ENTRIES SUPPLIED:
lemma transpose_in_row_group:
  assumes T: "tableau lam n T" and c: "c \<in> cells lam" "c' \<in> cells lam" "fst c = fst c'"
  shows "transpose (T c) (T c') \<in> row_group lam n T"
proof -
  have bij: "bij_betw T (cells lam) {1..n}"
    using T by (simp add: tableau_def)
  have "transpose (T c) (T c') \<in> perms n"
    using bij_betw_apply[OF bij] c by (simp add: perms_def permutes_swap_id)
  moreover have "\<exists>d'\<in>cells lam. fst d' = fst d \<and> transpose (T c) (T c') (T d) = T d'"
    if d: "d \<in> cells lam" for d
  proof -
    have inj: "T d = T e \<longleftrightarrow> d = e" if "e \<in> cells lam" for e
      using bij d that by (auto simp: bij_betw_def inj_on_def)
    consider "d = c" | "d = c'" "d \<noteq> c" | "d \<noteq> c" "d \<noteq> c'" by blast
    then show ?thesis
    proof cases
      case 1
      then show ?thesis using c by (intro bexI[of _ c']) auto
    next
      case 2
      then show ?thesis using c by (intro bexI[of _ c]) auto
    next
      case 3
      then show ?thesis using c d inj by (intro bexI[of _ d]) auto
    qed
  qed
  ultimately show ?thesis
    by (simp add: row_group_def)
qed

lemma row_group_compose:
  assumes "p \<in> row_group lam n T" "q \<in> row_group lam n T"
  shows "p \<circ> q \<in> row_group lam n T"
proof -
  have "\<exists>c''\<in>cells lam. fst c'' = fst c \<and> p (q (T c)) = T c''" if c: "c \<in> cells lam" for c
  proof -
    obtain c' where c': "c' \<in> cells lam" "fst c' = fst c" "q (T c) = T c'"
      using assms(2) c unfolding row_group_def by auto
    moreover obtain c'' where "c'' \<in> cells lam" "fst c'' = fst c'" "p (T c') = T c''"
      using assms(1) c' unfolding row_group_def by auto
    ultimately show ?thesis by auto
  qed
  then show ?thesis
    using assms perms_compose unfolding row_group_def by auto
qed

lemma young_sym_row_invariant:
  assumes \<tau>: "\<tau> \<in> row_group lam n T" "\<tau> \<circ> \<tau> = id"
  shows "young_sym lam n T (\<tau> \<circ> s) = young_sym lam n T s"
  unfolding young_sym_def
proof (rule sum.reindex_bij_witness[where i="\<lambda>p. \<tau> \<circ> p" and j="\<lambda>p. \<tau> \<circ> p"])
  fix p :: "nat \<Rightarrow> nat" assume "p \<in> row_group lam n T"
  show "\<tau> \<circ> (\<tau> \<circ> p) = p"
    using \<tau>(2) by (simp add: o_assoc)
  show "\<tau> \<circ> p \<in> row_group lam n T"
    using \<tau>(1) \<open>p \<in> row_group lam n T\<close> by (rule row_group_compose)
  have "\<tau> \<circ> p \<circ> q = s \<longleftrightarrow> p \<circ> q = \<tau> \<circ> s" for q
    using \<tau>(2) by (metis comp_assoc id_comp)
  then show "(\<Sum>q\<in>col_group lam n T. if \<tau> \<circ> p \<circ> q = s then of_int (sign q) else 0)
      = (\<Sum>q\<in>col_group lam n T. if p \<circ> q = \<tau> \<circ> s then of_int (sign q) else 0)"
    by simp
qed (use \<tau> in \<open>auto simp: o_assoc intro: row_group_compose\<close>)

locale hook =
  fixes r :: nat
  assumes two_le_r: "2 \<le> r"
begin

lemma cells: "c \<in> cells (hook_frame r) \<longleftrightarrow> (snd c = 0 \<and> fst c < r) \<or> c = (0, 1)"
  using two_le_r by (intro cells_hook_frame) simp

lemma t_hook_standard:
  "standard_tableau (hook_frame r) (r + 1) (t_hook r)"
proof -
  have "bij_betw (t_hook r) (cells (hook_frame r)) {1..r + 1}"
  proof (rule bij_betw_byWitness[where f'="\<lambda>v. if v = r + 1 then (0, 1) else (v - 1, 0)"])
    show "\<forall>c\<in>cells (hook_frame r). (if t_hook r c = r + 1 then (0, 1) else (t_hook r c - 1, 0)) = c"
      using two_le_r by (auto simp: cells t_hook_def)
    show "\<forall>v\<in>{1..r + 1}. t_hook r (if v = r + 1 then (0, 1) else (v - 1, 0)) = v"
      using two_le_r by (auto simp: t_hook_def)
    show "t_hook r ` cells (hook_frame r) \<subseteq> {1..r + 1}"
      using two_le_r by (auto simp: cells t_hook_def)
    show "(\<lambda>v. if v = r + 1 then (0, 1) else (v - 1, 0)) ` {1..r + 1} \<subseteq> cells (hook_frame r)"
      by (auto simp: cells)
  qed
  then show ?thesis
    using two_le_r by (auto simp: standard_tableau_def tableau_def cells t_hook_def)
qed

EXERCISE: Transcribe the records in full, so that each line reads exactly as before.

REPLY TO THE TASK:
lemma transpose_in_row_group:
  assumes T: "tableau lam n T" and c: "c \<in> cells lam" "c' \<in> cells lam" "fst c = fst c'"
  shows "transpose (T c) (T c') \<in> row_group lam n T"
proof -
  have bij: "bij_betw T (cells lam) {1..n}"
    using T by (simp add: tableau_def)
  have "transpose (T c) (T c') \<in> perms n"
    using bij_betw_apply[OF bij] c by (simp add: perms_def permutes_swap_id)
  moreover have "\<exists>d'\<in>cells lam. fst d' = fst d \<and> transpose (T c) (T c') (T d) = T d'"
    if d: "d \<in> cells lam" for d
  proof -
    have inj: "T d = T e \<longleftrightarrow> d = e" if "e \<in> cells lam" for e
      using bij d that by (auto simp: bij_betw_def inj_on_def)
    consider "d = c" | "d = c'" "d \<noteq> c" | "d \<noteq> c" "d \<noteq> c'" by blast
    then show ?thesis
    proof cases
      case 1
      then show ?thesis using c by (intro bexI[of _ c']) auto
    next
      case 2
      then show ?thesis using c by (intro bexI[of _ c]) auto
    next
      case 3
      then show ?thesis using c d inj by (intro bexI[of _ d]) auto
    qed
  qed
  ultimately show ?thesis
    by (simp add: row_group_def)
qed

lemma row_group_compose:
  assumes "p \<in> row_group lam n T" "q \<in> row_group lam n T"
  shows "p \<circ> q \<in> row_group lam n T"
proof -
  have "\<exists>c''\<in>cells lam. fst c'' = fst c \<and> p (q (T c)) = T c''" if c: "c \<in> cells lam" for c
  proof -
    obtain c' where c': "c' \<in> cells lam" "fst c' = fst c" "q (T c) = T c'"
      using assms(2) c unfolding row_group_def by auto
    moreover obtain c'' where "c'' \<in> cells lam" "fst c'' = fst c'" "p (T c') = T c''"
      using assms(1) c' unfolding row_group_def by auto
    ultimately show ?thesis by auto
  qed
  then show ?thesis
    using assms perms_compose unfolding row_group_def by auto
qed

lemma young_sym_row_invariant:
  assumes \<tau>: "\<tau> \<in> row_group lam n T" "\<tau> \<circ> \<tau> = id"
  shows "young_sym lam n T (\<tau> \<circ> s) = young_sym lam n T s"
  unfolding young_sym_def
proof (rule sum.reindex_bij_witness[where i="\<lambda>p. \<tau> \<circ> p" and j="\<lambda>p. \<tau> \<circ> p"])
  fix p :: "nat \<Rightarrow> nat" assume "p \<in> row_group lam n T"
  show "\<tau> \<circ> (\<tau> \<circ> p) = p"
    using \<tau>(2) by (simp add: o_assoc)
  show "\<tau> \<circ> p \<in> row_group lam n T"
    using \<tau>(1) \<open>p \<in> row_group lam n T\<close> by (rule row_group_compose)
  have "\<tau> \<circ> p \<circ> q = s \<longleftrightarrow> p \<circ> q = \<tau> \<circ> s" for q
    using \<tau>(2) by (metis comp_assoc id_comp)
  then show "(\<Sum>q\<in>col_group lam n T. if \<tau> \<circ> p \<circ> q = s then of_int (sign q) else 0)
      = (\<Sum>q\<in>col_group lam n T. if p \<circ> q = \<tau> \<circ> s then of_int (sign q) else 0)"
    by simp
qed (use \<tau> in \<open>auto simp: o_assoc intro: row_group_compose\<close>)

locale hook =
  fixes r :: nat
  assumes two_le_r: "2 \<le> r"
begin

lemma cells: "c \<in> cells (hook_frame r) \<longleftrightarrow> (snd c = 0 \<and> fst c < r) \<or> c = (0, 1)"
  using two_le_r by (intro cells_hook_frame) simp

lemma t_hook_standard:
  "standard_tableau (hook_frame r) (r + 1) (t_hook r)"
proof -
  have "bij_betw (t_hook r) (cells (hook_frame r)) {1..r + 1}"
  proof (rule bij_betw_byWitness[where f'="\<lambda>v. if v = r + 1 then (0, 1) else (v - 1, 0)"])
    show "\<forall>c\<in>cells (hook_frame r). (if t_hook r c = r + 1 then (0, 1) else (t_hook r c - 1, 0)) = c"
      using two_le_r by (auto simp: cells t_hook_def)
    show "\<forall>v\<in>{1..r + 1}. t_hook r (if v = r + 1 then (0, 1) else (v - 1, 0)) = v"
      using two_le_r by (auto simp: t_hook_def)
    show "t_hook r ` cells (hook_frame r) \<subseteq> {1..r + 1}"
      using two_le_r by (auto simp: cells t_hook_def)
    show "(\<lambda>v. if v = r + 1 then (0, 1) else (v - 1, 0)) ` {1..r + 1} \<subseteq> cells (hook_frame r)"
      by (auto simp: cells)
  qed
  then show ?thesis
    using two_le_r by (auto simp: standard_tableau_def tableau_def cells t_hook_def)
qed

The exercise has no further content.